TRY IT
In the data that follows, every line containing the word "rule" should be returned.
::: DATASET
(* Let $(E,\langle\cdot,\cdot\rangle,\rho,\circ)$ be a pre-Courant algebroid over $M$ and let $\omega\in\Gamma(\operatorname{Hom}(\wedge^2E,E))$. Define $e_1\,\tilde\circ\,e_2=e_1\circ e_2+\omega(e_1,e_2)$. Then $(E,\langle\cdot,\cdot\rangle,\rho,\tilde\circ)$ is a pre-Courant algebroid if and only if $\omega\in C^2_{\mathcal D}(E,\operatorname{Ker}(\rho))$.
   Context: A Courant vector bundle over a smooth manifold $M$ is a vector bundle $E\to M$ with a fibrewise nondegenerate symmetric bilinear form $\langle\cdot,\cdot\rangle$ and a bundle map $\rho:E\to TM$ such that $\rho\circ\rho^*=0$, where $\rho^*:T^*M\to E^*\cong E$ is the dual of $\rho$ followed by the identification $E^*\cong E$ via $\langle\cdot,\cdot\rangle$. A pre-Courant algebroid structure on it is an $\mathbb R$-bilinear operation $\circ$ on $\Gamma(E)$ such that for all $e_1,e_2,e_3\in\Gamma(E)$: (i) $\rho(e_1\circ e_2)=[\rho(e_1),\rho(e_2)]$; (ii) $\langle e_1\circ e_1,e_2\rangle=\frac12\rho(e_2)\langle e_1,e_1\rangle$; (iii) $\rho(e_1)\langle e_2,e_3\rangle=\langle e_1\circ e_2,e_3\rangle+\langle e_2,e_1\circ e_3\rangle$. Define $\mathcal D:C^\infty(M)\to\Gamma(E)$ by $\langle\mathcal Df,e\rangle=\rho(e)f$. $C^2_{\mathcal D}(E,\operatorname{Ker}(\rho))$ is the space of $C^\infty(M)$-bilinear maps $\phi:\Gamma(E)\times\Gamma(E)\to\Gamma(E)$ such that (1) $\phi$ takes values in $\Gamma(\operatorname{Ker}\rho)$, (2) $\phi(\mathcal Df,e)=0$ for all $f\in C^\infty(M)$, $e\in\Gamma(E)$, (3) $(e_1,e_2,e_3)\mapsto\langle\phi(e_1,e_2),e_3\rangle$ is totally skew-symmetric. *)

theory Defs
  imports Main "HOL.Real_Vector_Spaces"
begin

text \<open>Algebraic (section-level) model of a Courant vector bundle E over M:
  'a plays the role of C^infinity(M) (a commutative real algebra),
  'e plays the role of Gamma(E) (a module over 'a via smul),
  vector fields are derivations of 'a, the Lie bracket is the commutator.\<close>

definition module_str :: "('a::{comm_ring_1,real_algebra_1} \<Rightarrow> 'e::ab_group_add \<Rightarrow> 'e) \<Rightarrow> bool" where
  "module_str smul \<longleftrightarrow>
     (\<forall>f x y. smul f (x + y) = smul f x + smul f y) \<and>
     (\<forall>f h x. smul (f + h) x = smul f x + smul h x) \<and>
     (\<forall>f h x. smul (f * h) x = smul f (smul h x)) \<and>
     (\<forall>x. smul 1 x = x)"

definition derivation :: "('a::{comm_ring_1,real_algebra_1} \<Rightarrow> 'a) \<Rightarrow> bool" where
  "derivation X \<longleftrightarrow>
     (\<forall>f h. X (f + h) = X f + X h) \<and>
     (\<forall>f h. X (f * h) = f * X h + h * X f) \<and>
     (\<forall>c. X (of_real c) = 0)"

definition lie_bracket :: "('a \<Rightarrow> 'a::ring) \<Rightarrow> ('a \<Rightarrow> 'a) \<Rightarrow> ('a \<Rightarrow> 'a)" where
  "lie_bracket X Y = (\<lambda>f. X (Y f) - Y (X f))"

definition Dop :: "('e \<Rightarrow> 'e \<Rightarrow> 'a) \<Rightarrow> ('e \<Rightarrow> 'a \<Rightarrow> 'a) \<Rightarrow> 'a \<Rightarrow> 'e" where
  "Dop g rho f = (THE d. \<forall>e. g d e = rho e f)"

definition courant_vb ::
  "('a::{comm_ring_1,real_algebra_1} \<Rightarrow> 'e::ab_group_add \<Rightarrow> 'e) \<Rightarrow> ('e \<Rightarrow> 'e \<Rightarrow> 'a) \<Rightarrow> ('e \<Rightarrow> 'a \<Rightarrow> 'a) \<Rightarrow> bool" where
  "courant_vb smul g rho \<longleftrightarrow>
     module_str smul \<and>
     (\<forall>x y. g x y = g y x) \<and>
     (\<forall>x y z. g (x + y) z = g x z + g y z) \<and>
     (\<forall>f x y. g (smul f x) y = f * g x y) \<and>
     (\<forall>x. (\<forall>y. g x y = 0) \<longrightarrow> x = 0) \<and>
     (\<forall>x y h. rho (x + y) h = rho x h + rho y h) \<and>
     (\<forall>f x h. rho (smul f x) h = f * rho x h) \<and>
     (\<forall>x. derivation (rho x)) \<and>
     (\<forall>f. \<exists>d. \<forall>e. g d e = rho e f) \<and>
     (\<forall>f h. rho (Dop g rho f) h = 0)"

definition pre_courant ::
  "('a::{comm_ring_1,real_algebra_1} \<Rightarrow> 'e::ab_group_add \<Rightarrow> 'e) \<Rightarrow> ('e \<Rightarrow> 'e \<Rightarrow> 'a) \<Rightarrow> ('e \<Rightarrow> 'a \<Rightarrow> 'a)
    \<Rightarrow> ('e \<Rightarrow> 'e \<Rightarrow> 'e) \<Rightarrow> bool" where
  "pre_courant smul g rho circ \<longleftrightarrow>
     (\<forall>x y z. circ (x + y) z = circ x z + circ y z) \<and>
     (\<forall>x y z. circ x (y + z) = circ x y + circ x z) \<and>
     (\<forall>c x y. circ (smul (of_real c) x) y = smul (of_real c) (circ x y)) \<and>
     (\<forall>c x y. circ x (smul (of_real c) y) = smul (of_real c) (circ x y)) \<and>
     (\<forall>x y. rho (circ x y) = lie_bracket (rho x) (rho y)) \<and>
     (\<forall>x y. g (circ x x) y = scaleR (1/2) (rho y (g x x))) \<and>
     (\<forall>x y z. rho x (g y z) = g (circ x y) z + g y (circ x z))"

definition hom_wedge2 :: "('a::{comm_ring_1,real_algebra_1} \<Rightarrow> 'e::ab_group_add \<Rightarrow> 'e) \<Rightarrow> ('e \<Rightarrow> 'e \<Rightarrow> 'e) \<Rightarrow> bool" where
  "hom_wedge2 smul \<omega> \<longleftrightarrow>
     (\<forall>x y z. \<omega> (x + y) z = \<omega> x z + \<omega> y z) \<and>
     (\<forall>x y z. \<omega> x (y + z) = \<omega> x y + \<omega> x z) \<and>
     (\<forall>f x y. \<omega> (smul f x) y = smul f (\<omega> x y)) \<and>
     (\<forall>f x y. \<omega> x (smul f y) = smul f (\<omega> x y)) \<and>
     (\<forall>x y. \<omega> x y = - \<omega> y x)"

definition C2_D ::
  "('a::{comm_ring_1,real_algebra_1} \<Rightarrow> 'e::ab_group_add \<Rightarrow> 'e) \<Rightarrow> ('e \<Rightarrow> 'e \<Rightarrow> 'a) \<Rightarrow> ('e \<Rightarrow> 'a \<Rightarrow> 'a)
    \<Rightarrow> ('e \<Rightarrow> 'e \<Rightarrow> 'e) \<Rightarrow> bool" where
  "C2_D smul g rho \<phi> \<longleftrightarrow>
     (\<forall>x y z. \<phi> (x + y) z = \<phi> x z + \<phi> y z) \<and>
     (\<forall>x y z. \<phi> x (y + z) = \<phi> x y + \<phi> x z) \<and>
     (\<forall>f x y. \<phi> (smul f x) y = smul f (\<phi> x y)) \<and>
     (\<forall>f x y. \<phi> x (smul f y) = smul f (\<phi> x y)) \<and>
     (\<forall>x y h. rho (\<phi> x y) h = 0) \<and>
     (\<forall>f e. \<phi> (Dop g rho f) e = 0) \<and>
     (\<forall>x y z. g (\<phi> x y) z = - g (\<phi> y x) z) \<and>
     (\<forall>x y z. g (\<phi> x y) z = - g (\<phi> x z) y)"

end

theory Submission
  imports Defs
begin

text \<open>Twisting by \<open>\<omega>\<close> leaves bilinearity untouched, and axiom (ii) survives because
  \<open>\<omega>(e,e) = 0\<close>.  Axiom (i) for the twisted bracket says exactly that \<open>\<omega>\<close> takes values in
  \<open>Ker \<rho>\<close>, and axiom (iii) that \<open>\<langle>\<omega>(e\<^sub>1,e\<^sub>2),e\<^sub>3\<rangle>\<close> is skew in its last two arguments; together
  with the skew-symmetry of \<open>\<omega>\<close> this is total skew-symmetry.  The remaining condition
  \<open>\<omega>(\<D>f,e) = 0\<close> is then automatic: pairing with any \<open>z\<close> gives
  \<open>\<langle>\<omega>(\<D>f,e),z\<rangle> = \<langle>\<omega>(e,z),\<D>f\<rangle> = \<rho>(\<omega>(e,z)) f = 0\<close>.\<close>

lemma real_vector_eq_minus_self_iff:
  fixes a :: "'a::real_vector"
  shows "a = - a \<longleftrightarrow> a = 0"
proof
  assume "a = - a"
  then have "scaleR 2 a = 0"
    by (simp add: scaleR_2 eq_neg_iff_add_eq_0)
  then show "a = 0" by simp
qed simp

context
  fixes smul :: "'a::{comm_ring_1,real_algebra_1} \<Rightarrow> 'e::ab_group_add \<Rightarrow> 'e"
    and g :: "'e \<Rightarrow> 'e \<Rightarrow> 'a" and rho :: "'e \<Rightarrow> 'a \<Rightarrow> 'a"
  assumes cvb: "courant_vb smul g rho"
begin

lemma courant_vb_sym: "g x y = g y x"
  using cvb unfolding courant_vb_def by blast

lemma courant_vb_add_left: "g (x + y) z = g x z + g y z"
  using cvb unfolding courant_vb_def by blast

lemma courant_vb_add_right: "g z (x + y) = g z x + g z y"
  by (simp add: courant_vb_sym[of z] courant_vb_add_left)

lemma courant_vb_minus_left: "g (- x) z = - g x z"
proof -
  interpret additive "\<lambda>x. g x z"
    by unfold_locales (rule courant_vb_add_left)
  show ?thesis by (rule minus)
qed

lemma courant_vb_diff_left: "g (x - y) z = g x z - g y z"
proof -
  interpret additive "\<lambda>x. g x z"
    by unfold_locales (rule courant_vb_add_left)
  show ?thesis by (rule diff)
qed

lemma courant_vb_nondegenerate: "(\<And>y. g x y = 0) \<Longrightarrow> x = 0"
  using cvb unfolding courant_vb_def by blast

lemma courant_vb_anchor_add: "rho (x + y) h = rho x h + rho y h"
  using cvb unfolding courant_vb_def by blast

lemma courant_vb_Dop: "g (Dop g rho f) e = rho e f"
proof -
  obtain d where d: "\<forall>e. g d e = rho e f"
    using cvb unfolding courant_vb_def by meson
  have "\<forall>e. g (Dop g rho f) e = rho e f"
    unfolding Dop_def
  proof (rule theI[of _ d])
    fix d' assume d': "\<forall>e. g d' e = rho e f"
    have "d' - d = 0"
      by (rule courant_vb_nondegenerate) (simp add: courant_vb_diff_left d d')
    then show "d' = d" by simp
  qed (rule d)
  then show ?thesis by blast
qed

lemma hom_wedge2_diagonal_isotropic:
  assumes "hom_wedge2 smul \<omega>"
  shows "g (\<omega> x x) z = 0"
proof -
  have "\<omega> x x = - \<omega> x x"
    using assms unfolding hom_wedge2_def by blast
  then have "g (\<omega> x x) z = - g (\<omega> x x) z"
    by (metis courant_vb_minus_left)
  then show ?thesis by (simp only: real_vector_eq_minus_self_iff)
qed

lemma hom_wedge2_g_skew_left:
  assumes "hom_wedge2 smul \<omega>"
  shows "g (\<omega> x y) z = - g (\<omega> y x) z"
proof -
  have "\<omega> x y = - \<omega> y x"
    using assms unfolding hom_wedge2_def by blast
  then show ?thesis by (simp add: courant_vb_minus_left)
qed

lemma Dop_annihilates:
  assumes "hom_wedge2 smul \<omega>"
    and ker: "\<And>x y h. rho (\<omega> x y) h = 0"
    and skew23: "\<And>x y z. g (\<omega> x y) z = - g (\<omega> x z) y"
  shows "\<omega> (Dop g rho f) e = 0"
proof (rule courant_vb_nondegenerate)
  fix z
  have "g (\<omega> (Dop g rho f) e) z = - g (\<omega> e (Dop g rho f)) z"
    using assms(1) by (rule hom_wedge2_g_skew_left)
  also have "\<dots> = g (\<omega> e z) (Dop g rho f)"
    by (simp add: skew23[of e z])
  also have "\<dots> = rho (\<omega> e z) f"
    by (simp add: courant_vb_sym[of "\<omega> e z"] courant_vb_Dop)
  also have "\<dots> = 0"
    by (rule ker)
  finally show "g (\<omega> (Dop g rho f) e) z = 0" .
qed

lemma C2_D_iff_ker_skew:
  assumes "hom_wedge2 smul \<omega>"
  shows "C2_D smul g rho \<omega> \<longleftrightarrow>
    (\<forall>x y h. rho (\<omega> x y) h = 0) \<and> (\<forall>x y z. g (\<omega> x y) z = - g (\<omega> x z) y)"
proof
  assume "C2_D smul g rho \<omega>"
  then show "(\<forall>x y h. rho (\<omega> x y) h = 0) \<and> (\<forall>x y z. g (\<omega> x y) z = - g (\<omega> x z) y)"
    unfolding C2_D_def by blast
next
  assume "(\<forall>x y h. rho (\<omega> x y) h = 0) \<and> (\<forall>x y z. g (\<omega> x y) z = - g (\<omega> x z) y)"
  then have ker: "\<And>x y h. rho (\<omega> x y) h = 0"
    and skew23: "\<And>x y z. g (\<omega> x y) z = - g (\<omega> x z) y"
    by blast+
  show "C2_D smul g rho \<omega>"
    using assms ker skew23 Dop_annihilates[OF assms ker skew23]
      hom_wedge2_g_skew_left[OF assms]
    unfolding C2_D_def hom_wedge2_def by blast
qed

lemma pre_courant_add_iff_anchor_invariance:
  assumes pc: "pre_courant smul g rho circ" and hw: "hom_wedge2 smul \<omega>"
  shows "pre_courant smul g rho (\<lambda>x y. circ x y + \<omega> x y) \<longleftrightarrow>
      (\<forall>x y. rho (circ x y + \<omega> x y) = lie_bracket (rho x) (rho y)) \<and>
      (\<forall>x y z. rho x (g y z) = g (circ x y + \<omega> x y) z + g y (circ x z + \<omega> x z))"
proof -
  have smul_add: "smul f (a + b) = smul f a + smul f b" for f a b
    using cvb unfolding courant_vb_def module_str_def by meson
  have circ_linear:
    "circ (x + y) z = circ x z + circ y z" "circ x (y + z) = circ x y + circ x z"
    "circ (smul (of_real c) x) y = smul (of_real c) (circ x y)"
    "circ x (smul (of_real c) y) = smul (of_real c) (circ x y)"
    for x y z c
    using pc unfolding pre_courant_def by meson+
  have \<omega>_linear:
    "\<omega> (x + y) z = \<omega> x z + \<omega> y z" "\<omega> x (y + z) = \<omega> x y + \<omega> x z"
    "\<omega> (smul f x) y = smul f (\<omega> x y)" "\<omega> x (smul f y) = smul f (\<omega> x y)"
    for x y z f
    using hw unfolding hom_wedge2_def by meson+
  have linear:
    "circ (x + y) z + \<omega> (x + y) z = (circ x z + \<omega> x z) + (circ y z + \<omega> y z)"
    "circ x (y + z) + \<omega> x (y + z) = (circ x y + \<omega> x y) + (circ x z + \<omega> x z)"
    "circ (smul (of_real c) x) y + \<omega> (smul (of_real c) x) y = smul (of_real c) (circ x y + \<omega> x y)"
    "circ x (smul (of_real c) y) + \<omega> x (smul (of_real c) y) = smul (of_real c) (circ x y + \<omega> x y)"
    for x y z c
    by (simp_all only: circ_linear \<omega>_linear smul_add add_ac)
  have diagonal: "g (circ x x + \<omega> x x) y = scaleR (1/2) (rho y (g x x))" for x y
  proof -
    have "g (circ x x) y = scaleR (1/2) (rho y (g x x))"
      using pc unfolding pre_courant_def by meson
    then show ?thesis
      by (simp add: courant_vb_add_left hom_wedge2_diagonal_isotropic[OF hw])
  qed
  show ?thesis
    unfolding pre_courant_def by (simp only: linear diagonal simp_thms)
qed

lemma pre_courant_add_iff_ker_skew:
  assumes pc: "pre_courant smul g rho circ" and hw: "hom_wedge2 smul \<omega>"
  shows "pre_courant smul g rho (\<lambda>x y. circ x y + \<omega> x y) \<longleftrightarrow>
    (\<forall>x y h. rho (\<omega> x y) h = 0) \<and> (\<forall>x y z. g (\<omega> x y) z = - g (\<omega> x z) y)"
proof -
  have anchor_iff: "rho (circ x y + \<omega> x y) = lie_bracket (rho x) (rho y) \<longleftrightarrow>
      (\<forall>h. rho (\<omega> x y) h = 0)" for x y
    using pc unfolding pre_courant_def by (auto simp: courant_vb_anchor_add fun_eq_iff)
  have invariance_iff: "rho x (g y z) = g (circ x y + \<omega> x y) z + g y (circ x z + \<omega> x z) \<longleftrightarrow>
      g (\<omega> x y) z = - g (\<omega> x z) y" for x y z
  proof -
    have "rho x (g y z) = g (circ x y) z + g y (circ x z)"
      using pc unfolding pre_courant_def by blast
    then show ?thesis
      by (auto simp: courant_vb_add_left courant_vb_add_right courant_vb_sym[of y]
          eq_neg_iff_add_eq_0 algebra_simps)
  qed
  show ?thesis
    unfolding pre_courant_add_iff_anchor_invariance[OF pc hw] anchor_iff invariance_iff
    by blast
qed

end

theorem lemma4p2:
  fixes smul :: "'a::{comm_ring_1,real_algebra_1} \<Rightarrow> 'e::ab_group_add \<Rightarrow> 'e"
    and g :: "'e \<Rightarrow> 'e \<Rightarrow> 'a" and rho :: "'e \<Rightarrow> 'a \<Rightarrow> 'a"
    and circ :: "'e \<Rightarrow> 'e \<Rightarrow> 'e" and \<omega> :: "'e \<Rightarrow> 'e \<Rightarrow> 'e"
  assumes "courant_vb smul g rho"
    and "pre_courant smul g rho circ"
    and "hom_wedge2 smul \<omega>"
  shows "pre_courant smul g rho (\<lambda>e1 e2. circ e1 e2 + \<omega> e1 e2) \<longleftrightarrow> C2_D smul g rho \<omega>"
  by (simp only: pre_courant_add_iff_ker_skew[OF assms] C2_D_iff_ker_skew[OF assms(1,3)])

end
::::::
ANSWER SPACE
    by unfold_locales (rule courant_vb_add_left)
  show ?thesis by (rule minus)
    by unfold_locales (rule courant_vb_add_left)
  show ?thesis by (rule diff)
  proof (rule theI[of _ d])
      by (rule courant_vb_nondegenerate) (simp add: courant_vb_diff_left d d')
  qed (rule d)
proof (rule courant_vb_nondegenerate)
    using assms(1) by (rule hom_wedge2_g_skew_left)
    by (rule ker)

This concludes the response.